## DATA FOR THIS TASK
┄┄┄┄┄┄┄┄┄┄

lemma power_diff_expansion:
  assumes "1 \<le> a" "a \<le> n"
  shows "of_nat a^(a - 1) * of_nat (n - a)^(n - a)
    = (\<Sum>m\<le>n. of_nat ((n - a) choose m) * of_nat n^m * ((-1)^(n - m - a) * (of_nat a :: 'a::comm_ring_1)^(n - m - 1)))"
proof -
  have "of_nat a^(a - 1) * of_nat (n - a)^(n - a)
      = (\<Sum>m\<le>n - a. of_nat ((n - a) choose m) * of_nat n^m * (of_nat a^(a - 1) * (- (of_nat a :: 'a))^(n - a - m)))"
    using binomial_ring[of "of_nat n" "- of_nat a :: 'a" "n - a"] assms
    by (simp add: of_nat_diff sum_distrib_left algebra_simps)
  also have "\<dots> = (\<Sum>m\<le>n - a. of_nat ((n - a) choose m) * of_nat n^m * ((-1)^(n - m - a) * (of_nat a :: 'a)^(n - m - 1)))"
  proof (rule sum.cong[OF refl])
    fix m assume "m \<in> {..n - a}"
    then have exps: "a - 1 + (n - m - a) = n - m - 1" "n - a - m = n - m - a"
      using assms by auto
    have "(of_nat a :: 'a)^(a - 1) * (- of_nat a)^(n - a - m)
        = (-1)^(n - a - m) * (of_nat a^(a - 1) * of_nat a^(n - a - m))"
      by (simp add: power_minus[of "of_nat a"] mult.left_commute)
    also have "\<dots> = (-1)^(n - m - a) * of_nat a^(n - m - 1)"
      by (simp only: exps flip: power_add)
    finally show "of_nat ((n - a) choose m) * of_nat n^m * (of_nat a^(a - 1) * (- (of_nat a :: 'a))^(n - a - m))
        = of_nat ((n - a) choose m) * of_nat n^m * ((-1)^(n - m - a) * of_nat a^(n - m - 1))"
      by (simp only:)
  qed
  also have "\<dots> = (\<Sum>m\<le>n. of_nat ((n - a) choose m) * of_nat n^m * ((-1)^(n - m - a) * (of_nat a :: 'a)^(n - m - 1)))"
    by (rule sum.mono_neutral_left) (auto simp: binomial_eq_0)
  finally show ?thesis .
qed

text \<open>Expand \<open>(n - a)^(n - a)\<close> binomially in \<open>n\<close> and \<open>-a\<close> and sum over \<open>a\<close> first:
  the inner sums are finite differences of low-degree polynomials, and all but one vanish.\<close>
lemma abel_identity:
  assumes "1 \<le> n"
  shows "(\<Sum>a=1..n. of_nat (n choose a) * of_nat a^(a - 1) * of_nat (n - a)^(n - a)) = (of_nat n ^ n :: 'a::comm_ring_1)"
proof -
  have "(\<Sum>a=1..n. of_nat (n choose a) * of_nat a^(a - 1) * of_nat (n - a)^(n - a))
      = (\<Sum>a=1..n. \<Sum>m\<le>n. of_nat (n choose a) * (of_nat ((n - a) choose m) * of_nat n^m * ((-1)^(n - m - a) * (of_nat a :: 'a)^(n - m - 1))))"
  proof (rule sum.cong[OF refl])
    fix a assume "a \<in> {1..n}"
    then have "1 \<le> a" "a \<le> n" by auto
    then show "of_nat (n choose a) * of_nat a^(a - 1) * of_nat (n - a)^(n - a)
      = (\<Sum>m\<le>n. of_nat (n choose a) * (of_nat ((n - a) choose m) * of_nat n^m * ((-1)^(n - m - a) * (of_nat a :: 'a)^(n - m - 1))))"
      by (simp only: mult.assoc power_diff_expansion sum_distrib_left)
  qed
  also have "\<dots> = (\<Sum>m\<le>n. of_nat (n choose m) * of_nat n^m *
      (\<Sum>a=1..n. (-1)^(n - m - a) * of_nat ((n - m) choose a) * (of_nat a :: 'a)^(n - m - 1)))"
    unfolding sum.swap[of _ "{1..n}"] sum_distrib_left
  proof (intro sum.cong refl)
    fix m a assume "a \<in> {1..n}"
    then have "of_nat (n choose a) * of_nat ((n - a) choose m) = (of_nat (n choose m) * of_nat ((n - m) choose a) :: 'a)"
      using choose_mult_choose_diff[of a n m] by (simp flip: of_nat_mult)
    then have "of_nat (n choose a) * (of_nat ((n - a) choose m) * of_nat n^m * ((-1)^(n - m - a) * (of_nat a :: 'a)^(n - m - 1)))
      = (of_nat (n choose m) * of_nat ((n - m) choose a)) * (of_nat n^m * ((-1)^(n - m - a) * of_nat a^(n - m - 1)))"
      by (simp only: mult.assoc flip: mult.assoc[of "of_nat (n choose a)"])
    then show "of_nat (n choose a) * (of_nat ((n - a) choose m) * of_nat n^m * ((-1)^(n - m - a) * (of_nat a :: 'a)^(n - m - 1)))
      = of_nat (n choose m) * of_nat n^m * ((-1)^(n - m - a) * of_nat ((n - m) choose a) * of_nat a^(n - m - 1))"
      by (simp only: mult_ac)
  qed
  also have "\<dots> = (\<Sum>m\<le>n. of_nat (n choose m) * of_nat n^m * (if n - m = 1 then 1 else 0))"
    by (intro sum.cong refl) (simp only: sum_alternating_choose_power_pred diff_le_self)
  also have "\<dots> = (\<Sum>m\<le>n. if m = n - 1 then of_nat (n choose m) * of_nat n^m else 0)"
    using assms by (intro sum.cong) auto
  also have "\<dots> = of_nat n * of_nat n^(n - 1)"
    using assms binomial_symmetric[of 1 n] by (simp add: sum.delta')
  also have "\<dots> = of_nat n ^ n"
    using assms by (simp flip: power_Suc)
  finally show ?thesis .
qed
lemma LIMSEQ_floor_grid: "(\<lambda>n. \<lfloor>real (Suc n) * t\<rfloor> / real (Suc n)) \<longlonglongrightarrow> t"
proof (rule tendsto_sandwich)
  have "(\<lambda>n. 1 / real (Suc n)) \<longlonglongrightarrow> 0"
    using LIMSEQ_inverse_real_of_nat by (simp add: inverse_eq_divide)
  from tendsto_diff[OF tendsto_const this] show "(\<lambda>n. t - 1 / real (Suc n)) \<longlonglongrightarrow> t"
    by simp
  have "t - 1 / real (Suc n) \<le> \<lfloor>real (Suc n) * t\<rfloor> / real (Suc n)" for n
    using divide_right_mono[of "real (Suc n) * t - 1" "\<lfloor>real (Suc n) * t\<rfloor>" "real (Suc n)"]
    by (simp add: diff_divide_distrib)
  then show "\<forall>\<^sub>F n in sequentially. t - 1 / real (Suc n) \<le> \<lfloor>real (Suc n) * t\<rfloor> / real (Suc n)"
    by simp
  have "\<lfloor>real (Suc n) * t\<rfloor> / real (Suc n) \<le> t" for n
    using divide_right_mono[of "\<lfloor>real (Suc n) * t\<rfloor>" "real (Suc n) * t" "real (Suc n)"] by simp
  then show "\<forall>\<^sub>F n in sequentially. \<lfloor>real (Suc n) * t\<rfloor> / real (Suc n) \<le> t"
    by simp
qed simp

lemma borel_measurable_continuous_process:
  fixes X :: "real \<Rightarrow> 'a \<Rightarrow> real"
  assumes X: "\<And>t. X t \<in> borel_measurable M"
    and paths: "\<And>\<omega>. \<omega> \<in> space M \<Longrightarrow> continuous_on UNIV (\<lambda>t. X t \<omega>)"
  shows "(\<lambda>x. X (snd x) (fst x)) \<in> borel_measurable (M \<Otimes>\<^sub>M lborel)"
proof (rule borel_measurable_LIMSEQ_real)
  \<comment> \<open>each approximation takes countably many values in \<open>t\<close>\<close>
  fix n :: nat
  show "(\<lambda>x. X (\<lfloor>real (Suc n) * snd x\<rfloor> / real (Suc n)) (fst x)) \<in> borel_measurable (M \<Otimes>\<^sub>M lborel)"
  proof (rule measurable_compose_countable[where f = "\<lambda>i x. X (of_int i / real (Suc n)) (fst x)"])
    show "(\<lambda>x. X (of_int i / real (Suc n)) (fst x)) \<in> borel_measurable (M \<Otimes>\<^sub>M lborel)" for i :: int
      using measurable_comp[OF measurable_fst X] by (simp add: comp_def)
  qed measurable
next
  fix x :: "'a \<times> real"
  assume "x \<in> space (M \<Otimes>\<^sub>M lborel)"
  then have "isCont (\<lambda>t. X t (fst x)) (snd x)"
    using paths[of "fst x"] by (simp add: space_pair_measure mem_Times_iff continuous_on_eq_continuous_at)
  then show "(\<lambda>n. X (\<lfloor>real (Suc n) * snd x\<rfloor> / real (Suc n)) (fst x)) \<longlonglongrightarrow> X (snd x) (fst x)"
    using isCont_tendsto_compose LIMSEQ_floor_grid by blast
qed

lemma borel_measurable_integral_continuous_paths:
  fixes h :: "real \<Rightarrow> 'a \<Rightarrow> real"
  assumes hm[measurable]: "(\<lambda>x. h (snd x) (fst x)) \<in> borel_measurable (M \<Otimes>\<^sub>M lborel)"
    and hc: "\<And>\<omega>. \<omega> \<in> space M \<Longrightarrow> continuous_on {a..b} (\<lambda>t. h t \<omega>)"
  shows "(\<lambda>\<omega>. integral {a..b} (\<lambda>t. h t \<omega>)) \<in> borel_measurable M"
proof -
  have "(\<lambda>\<omega>. LINT t:{a..b}|lborel. h t \<omega>) \<in> borel_measurable M"
    unfolding set_lebesgue_integral_def by measurable
  moreover have "(LINT t:{a..b}|lborel. h t \<omega>) = integral {a..b} (\<lambda>t. h t \<omega>)" if "\<omega> \<in> space M" for \<omega>
    using borel_integrable_compact[OF compact_Icc hc[OF that]]
    by (intro set_borel_integral_eq_integral) (simp add: set_integrable_def)
  ultimately show ?thesis
    by (rule measurable_cong[THEN iffD1, rotated])
qed

lemma nn_integral_integral_continuous_paths_le:
  fixes h :: "real \<Rightarrow> 'a \<Rightarrow> real"
  assumes "sigma_finite_measure M"
    and hm[measurable]: "(\<lambda>x. h (snd x) (fst x)) \<in> borel_measurable (M \<Otimes>\<^sub>M lborel)"
    and h0: "\<And>t \<omega>. t \<in> {a..b} \<Longrightarrow> \<omega> \<in> space M \<Longrightarrow> 0 \<le> h t \<omega>"
    and hc: "\<And>\<omega>. \<omega> \<in> space M \<Longrightarrow> continuous_on {a..b} (\<lambda>t. h t \<omega>)"
    and hi: "\<And>t. t \<in> {a..b} \<Longrightarrow> integrable M (h t)"
    and hu: "\<And>t. t \<in> {a..b} \<Longrightarrow> (\<integral>\<omega>. h t \<omega> \<partial>M) \<le> u t"
    and uc: "continuous_on {a..b} u"
  shows "(\<integral>\<^sup>+\<omega>. ennreal (integral {a..b} (\<lambda>t. h t \<omega>)) \<partial>M) \<le> ennreal (integral {a..b} u)"
proof -
  interpret sigma_finite_measure M by fact
  interpret pair_sigma_finite M lborel ..
  have u_nonneg: "0 \<le> u t" if "t \<in> {a..b}" for t
    using h0[OF that] hu[OF that] by (metis AE_I2 integral_nonneg_AE order_trans)
  have "(\<integral>\<^sup>+\<omega>. ennreal (integral {a..b} (\<lambda>t. h t \<omega>)) \<partial>M)
      = (\<integral>\<^sup>+\<omega>. (\<integral>\<^sup>+t. ennreal (h t \<omega>) * indicator {a..b} t \<partial>lborel) \<partial>M)"
    using h0 hc
    by (intro nn_integral_cong nn_integral_has_integral_lebesgue'[symmetric] integrable_integral
        integrable_continuous_interval) auto
  also have "\<dots> = (\<integral>\<^sup>+t. (\<integral>\<^sup>+\<omega>. ennreal (h t \<omega>) * indicator {a..b} t \<partial>M) \<partial>lborel)"
    by (rule Fubini'[of "\<lambda>\<omega> t. ennreal (h t \<omega>) * indicator {a..b} t", symmetric]) measurable
  also have "\<dots> \<le> (\<integral>\<^sup>+t. ennreal (u t) * indicator {a..b} t \<partial>lborel)"
  proof (intro nn_integral_mono)
    fix t
    show "(\<integral>\<^sup>+\<omega>. ennreal (h t \<omega>) * indicator {a..b} t \<partial>M) \<le> ennreal (u t) * indicator {a..b} t"
    proof (cases "t \<in> {a..b}")
      case True
      then have "(\<integral>\<^sup>+\<omega>. ennreal (h t \<omega>) \<partial>M) = ennreal (\<integral>\<omega>. h t \<omega> \<partial>M)"
        using h0 by (intro nn_integral_eq_integral hi AE_I2) auto
      with True show ?thesis using hu by (simp add: ennreal_leI)
    qed simp
  qed
  also have "\<dots> = ennreal (integral {a..b} u)"
    using u_nonneg uc
    by (intro nn_integral_has_integral_lebesgue' integrable_integral integrable_continuous_interval)
  finally show ?thesis .
qed
(* Let $\overrightarrow{W}$ be a Morse sequence on a simplicial complex $K$. Then for every $p$, $\widehat{\partial}_p\circ\curlywedge_p=\curlywedge_{p-1}\circ\partial_p$ as maps $K[p]\to\widehat W[p-1]$, and $\widehat{\delta}_p\circ\curlyvee_p=\curlyvee_{p+1}\circ\delta_p$ as maps $K[p]\to\widehat W[p+1]$.
   Context: A simplicial complex $K$ is a finite collection of non-empty finite sets closed under taking non-empty subsets; $\dim\sigma=|\sigma|-1$, $K^{(p)}$ the set of $p$-simplices. A pair $(\sigma,\tau)$ with $\sigma\subsetneq\tau$ is a free pair for $K$ if $\tau$ is the only simplex other than $\sigma$ containing $\sigma$; $K$ is then an elementary expansion of $K\setminus\{\sigma,\tau\}$. If $\nu$ is a facet (maximal simplex) of $K$, $K$ is an elementary filling of $K\setminus\{\nu\}$. A Morse sequence on $K$ is a sequence $\langle\emptyset=K_0,\dots,K_k=K\rangle$ with each $K_i$ an elementary expansion or filling of $K_{i-1}$; simplices added by fillings are critical; for an expansion $K_i=K_{i-1}\cup\{\sigma,\tau\}$, $\sigma\subset\tau$, $(\sigma,\tau)$ is a regular pair, $\sigma$ lower regular, $\tau$ upper regular. $\widehat W$ is the set of critical simplices. $K[p]$ is the $\mathbb{Z}_2$-vector space of subsets of $K^{(p)}$ (sum = symmetric difference, $0=\emptyset$; $K[p]=\{0\}$ if $p<0$ or $p>\dim K$), and $\widehat W[p]=\{c\in K[p]:c\subseteq\widehat W\}$. For $\sigma\in K^{(p)}$, $\partial(\sigma)=\{\tau\in K^{(p-1)}:\tau\subset\sigma\}$, $\delta(\sigma)=\{\tau\in K^{(p+1)}:\sigma\subset\tau\}$; $\partial_p:K[p]\to K[p-1]$ and $\delta_p:K[p]\to K[p+1]$ are their linear extensions. The reference map $\curlywedge$ is the unique map assigning to each $p$-simplex an element of $\widehat W[p]$, with linear extension $\curlywedge_p:K[p]\to\widehat W[p]$, such that $\curlywedge(\nu)=\{\nu\}$ for critical $\nu$ and $\curlywedge(\tau)=0=\curlywedge(\partial(\tau))$ for upper regular $\tau$; the coreference map $\curlyvee$ (linear extension $\curlyvee_p$) is the unique such map with $\curlyvee(\nu)=\{\nu\}$ for critical $\nu$ and $\curlyvee(\sigma)=0=\curlyvee(\delta(\sigma))$ for lower regular $\sigma$. The linear maps $\widehat\partial_p:\widehat W[p]\to\widehat W[p-1]$ and $\widehat\delta_p:\widehat W[p]\to\widehat W[p+1]$ are defined by $\widehat\partial_p(c)=\curlywedge_{p-1}(\partial_p(c))$ and $\widehat\delta_p(c)=\curlyvee_{p+1}(\delta_p(c))$. *)

theory Defs
  imports Main
begin
(* Let $g,\psi$ be nonconstant entire functions and $0<p<\infty$. Then (i) $M_{(g,\psi)}\in L^\infty(\mathbb{C},dA)$ if and only if $B_{(|g|^p,\psi)}\in L^\infty(\mathbb{C},dA)$; (ii) $\widetilde M_{(g,\psi)}\in L^\infty(\mathbb{C},dA)$ if and only if $\widetilde B_{(|g|^p,\psi)}\in L^\infty(\mathbb{C},dA)$.
   Context: $dA$ is Lebesgue area measure on $\mathbb{C}$; $k_w(z)=e^{\overline wz-\frac12|w|^2}$. $M_{(g,\psi)}(z)=\frac{|g'(z)|}{1+|z|}e^{\frac12(|\psi(z)|^2-|z|^2)}$, $\widetilde M_{(g,\psi)}(z)=\frac{|g(z)|(1+|\psi(z)|)}{1+|z|}e^{\frac12(|\psi(z)|^2-|z|^2)}$, $B_{(|g|^p,\psi)}(w)=\int_{\mathbb{C}}|k_w(\psi(z))|^p\frac{|g'(z)|^pe^{-\frac p2|z|^2}}{(1+|z|)^p}\,dA(z)$, $\widetilde B_{(|g|^p,\psi)}(w)=\int_{\mathbb{C}}|k_w(\psi(z))|^p\frac{(1+|w|)^p|g(z)|^pe^{-\frac p2|z|^2}}{(1+|z|)^p}\,dA(z)$. *)

theory Defs
  imports "HOL-Analysis.Analysis"
begin

text \<open>Normalized reproducing kernel of the Fock space: k_w(z) = exp(conj(w) z - |w|^2/2).\<close>
definition kw :: "complex \<Rightarrow> complex \<Rightarrow> complex" where
  "kw w z = exp (cnj w * z - of_real (cmod w ^ 2 / 2))"

definition M_fun :: "(complex \<Rightarrow> complex) \<Rightarrow> (complex \<Rightarrow> complex) \<Rightarrow> complex \<Rightarrow> real" where
  "M_fun g \<psi> z = cmod (deriv g z) / (1 + cmod z) * exp ((cmod (\<psi> z) ^ 2 - cmod z ^ 2) / 2)"

definition Mt_fun :: "(complex \<Rightarrow> complex) \<Rightarrow> (complex \<Rightarrow> complex) \<Rightarrow> complex \<Rightarrow> real" where
  "Mt_fun g \<psi> z = cmod (g z) * (1 + cmod (\<psi> z)) / (1 + cmod z) * exp ((cmod (\<psi> z) ^ 2 - cmod z ^ 2) / 2)"

text \<open>The Berezin-type transforms; integrals of nonnegative functions, hence ennreal-valued.\<close>
definition B_fun :: "real \<Rightarrow> (complex \<Rightarrow> complex) \<Rightarrow> (complex \<Rightarrow> complex) \<Rightarrow> complex \<Rightarrow> ennreal" where
  "B_fun p g \<psi> w = (\<integral>\<^sup>+ z. ennreal (cmod (kw w (\<psi> z)) powr p * cmod (deriv g z) powr p
      * exp (- (p / 2) * cmod z ^ 2) / (1 + cmod z) powr p) \<partial>lebesgue)"

definition Bt_fun :: "real \<Rightarrow> (complex \<Rightarrow> complex) \<Rightarrow> (complex \<Rightarrow> complex) \<Rightarrow> complex \<Rightarrow> ennreal" where
  "Bt_fun p g \<psi> w = (\<integral>\<^sup>+ z. ennreal (cmod (kw w (\<psi> z)) powr p * (1 + cmod w) powr p * cmod (g z) powr p
      * exp (- (p / 2) * cmod z ^ 2) / (1 + cmod z) powr p) \<partial>lebesgue)"

definition Linf_real :: "(complex \<Rightarrow> real) \<Rightarrow> bool" where
  "Linf_real f \<longleftrightarrow> f \<in> borel_measurable lebesgue \<and> (\<exists>C::real. AE z in lebesgue. \<bar>f z\<bar> \<le> C)"

definition Linf_ennreal :: "(complex \<Rightarrow> ennreal) \<Rightarrow> bool" where
  "Linf_ennreal f \<longleftrightarrow> f \<in> borel_measurable lebesgue \<and> (\<exists>C::real. AE z in lebesgue. f z \<le> ennreal C)"

end

theory Submission
  imports Defs "HOL-Complex_Analysis.Complex_Analysis" "HOL-Probability.Distributions"
    "HOL-Real_Asymp.Real_Asymp"
begin

abbreviation turn :: "real \<Rightarrow> complex" where
  "turn t \<equiv> exp (2 * of_real pi * \<i> * of_real t)"

lemma norm_turn [simp]: "cmod (turn t) = 1"
  by (simp add: norm_exp_eq_Re)

lemma cnj_turn_mult_turn: "cnj (turn t) * turn t = 1"
  using complex_norm_square[of "turn t"] by (simp add: mult.commute)

lemma holomorphic_circle_mean:
  fixes r :: real
  assumes "f holomorphic_on ball z R" and "0 < r" "r < R"
  shows "((\<lambda>t. f (z + r * turn t)) has_integral f z) {0..1}"
proof -
  have "cball z r \<subseteq> ball z R"
    using assms by auto
  then have "continuous_on (cball z r) f" "f holomorphic_on ball z r"
    using assms(1) ball_subset_cball
    by (metis holomorphic_on_imp_continuous_on holomorphic_on_subset)+
  then have "((\<lambda>w. f w / (w - z)) has_contour_integral 2 * of_real pi * \<i> * f z) (circlepath z r)"
    using \<open>0 < r\<close> by (intro Cauchy_integral_circlepath) auto
  then have "((\<lambda>t. 2 * of_real pi * \<i> * f (z + r * turn t)) has_integral 2 * of_real pi * \<i> * f z) {0..1}"
    unfolding has_contour_integral_def
  proof (rule has_integral_eq[rotated])
    fix t :: real
    assume "t \<in> {0..1}"
    then have "vector_derivative (circlepath z r) (at t within {0..1}) = 2 * pi * \<i> * r * turn t"
      by (intro vector_derivative_circlepath01) auto
    then show "f (circlepath z r t) / (circlepath z r t - z)
        * vector_derivative (circlepath z r) (at t within {0..1}) = 2 * of_real pi * \<i> * f (z + r * turn t)"
      using \<open>0 < r\<close> by (simp add: circlepath field_simps)
  qed
  from has_integral_mult_right[OF this, of "inverse (2 * pi * \<i>)"] show ?thesis
    by (simp add: field_simps)
qed

lemma ln_norm_circle_mean_nonvanishing:
  fixes r :: real
  assumes "u holomorphic_on ball z R" and "0 < r" "r < R"
    and "\<And>w. w \<in> ball z R \<Longrightarrow> u w \<noteq> 0"
  shows "((\<lambda>t. ln (cmod (u (z + r * turn t)))) has_integral ln (cmod (u z))) {0..1}"
proof -
  obtain L where "L holomorphic_on ball z R" and uL: "\<And>w. w \<in> ball z R \<Longrightarrow> u w = exp (L w)"
    using contractible_imp_holomorphic_log[OF assms(1) _ assms(4)]
    by (metis centre_in_ball convex_imp_contractible convex_ball)
  from holomorphic_circle_mean[OF this(1) assms(2,3)]
  have "((\<lambda>t. Re (L (z + r * turn t))) has_integral Re (L z)) {0..1}"
    using has_integral_linear[OF _ bounded_linear_Re] by (auto simp: o_def)
  moreover have "z + r * turn t \<in> ball z R" for t
    using assms(2,3) by (simp add: dist_norm norm_mult)
  ultimately show ?thesis
    using assms(2,3) by (simp add: uL norm_exp_eq_Re)
qed

lemma finite_zeros_cball:
  assumes "u holomorphic_on UNIV" "u z \<noteq> 0"
  shows "finite {w \<in> cball c r. u w = 0}"
proof (cases "u constant_on UNIV")
  case True
  with assms show ?thesis by (auto simp: constant_on_def)
next
  case False
  show ?thesis
    by (rule holomorphic_compact_finite_zeros[OF assms(1) open_UNIV connected_UNIV compact_cball _ False]) simp
qed

lemma entire_factor_zero:
  assumes "u holomorphic_on UNIV" "u a = 0" "u z \<noteq> 0"
  obtains m v where "0 < m" "v holomorphic_on UNIV" "v a \<noteq> 0" "\<And>w. u w = (w - a) ^ m * v w"
proof -
  have "\<not> u constant_on UNIV"
    using assms(2,3) by (metis constant_on_def UNIV_I)
  then obtain g r m where m: "0 < m" and "0 < r" and holg: "g holomorphic_on ball a r"
    and ug: "\<And>w. w \<in> ball a r \<Longrightarrow> u w = (w - a) ^ m * g w"
    and gnz: "\<And>w. w \<in> ball a r \<Longrightarrow> g w \<noteq> 0"
    using holomorphic_factor_zero_nonconstant[OF assms(1) open_UNIV connected_UNIV UNIV_I assms(2)]
    by metis
  define v where "v w = (if w = a then g a else u w / (w - a) ^ m)" for w
  have "v holomorphic_on (UNIV - {a})"
    by (rule holomorphic_transform[of "\<lambda>w. u w / (w - a) ^ m"])
       (auto intro!: holomorphic_intros holomorphic_on_subset[OF assms(1)] simp: v_def)
  moreover have "v holomorphic_on ball a r"
    by (rule holomorphic_transform[OF holg]) (use ug in \<open>auto simp: v_def\<close>)
  moreover have "UNIV = (UNIV - {a}) \<union> ball a r"
    using \<open>0 < r\<close> by auto
  ultimately have "v holomorphic_on UNIV"
    by (metis holomorphic_on_Un open_ball open_delete open_UNIV)
  moreover have "u w = (w - a) ^ m * v w" for w
    using m assms(2) by (cases "w = a") (auto simp: v_def)
  ultimately show ?thesis
    using that m gnz \<open>0 < r\<close> by (auto simp: v_def)
qed

lemma blaschke_numerator_nonzero:
  assumes "cmod (a - z) < r" "w \<in> cball z r"
  shows "of_real (r ^ 2) - cnj (a - z) * (w - z) \<noteq> 0"
proof
  assume "of_real (r ^ 2) - cnj (a - z) * (w - z) = 0"
  then have "cmod (of_real (r ^ 2)) = cmod (cnj (a - z) * (w - z))"
    by simp
  then have "r ^ 2 = cmod (a - z) * cmod (w - z)"
    by (simp add: norm_mult norm_power del: complex_cnj_diff)
  also have "\<dots> \<le> cmod (a - z) * r"
    using assms(2) by (intro mult_left_mono) (auto simp: dist_norm norm_minus_commute)
  also have "\<dots> < r ^ 2"
    using assms(1) le_less_trans[OF norm_ge_zero assms(1)]
    by (simp add: power2_eq_square mult_strict_right_mono)
  finally show False by simp
qed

┄┄┄┄┄┄┄┄┄┄

Nothing but the lines above from the one containing "M \<Longrightarrow> 0" through the one containing "t \<omega>)) \<partial>M) \<le>" should appear in the answer, each repeated exactly.

    and h0: "\<And>t \<omega>. t \<in> {a..b} \<Longrightarrow> \<omega> \<in> space M \<Longrightarrow> 0 \<le> h t \<omega>"
    and hc: "\<And>\<omega>. \<omega> \<in> space M \<Longrightarrow> continuous_on {a..b} (\<lambda>t. h t \<omega>)"
    and hi: "\<And>t. t \<in> {a..b} \<Longrightarrow> integrable M (h t)"
    and hu: "\<And>t. t \<in> {a..b} \<Longrightarrow> (\<integral>\<omega>. h t \<omega> \<partial>M) \<le> u t"
    and uc: "continuous_on {a..b} u"
  shows "(\<integral>\<^sup>+\<omega>. ennreal (integral {a..b} (\<lambda>t. h t \<omega>)) \<partial>M) \<le> ennreal (integral {a..b} u)"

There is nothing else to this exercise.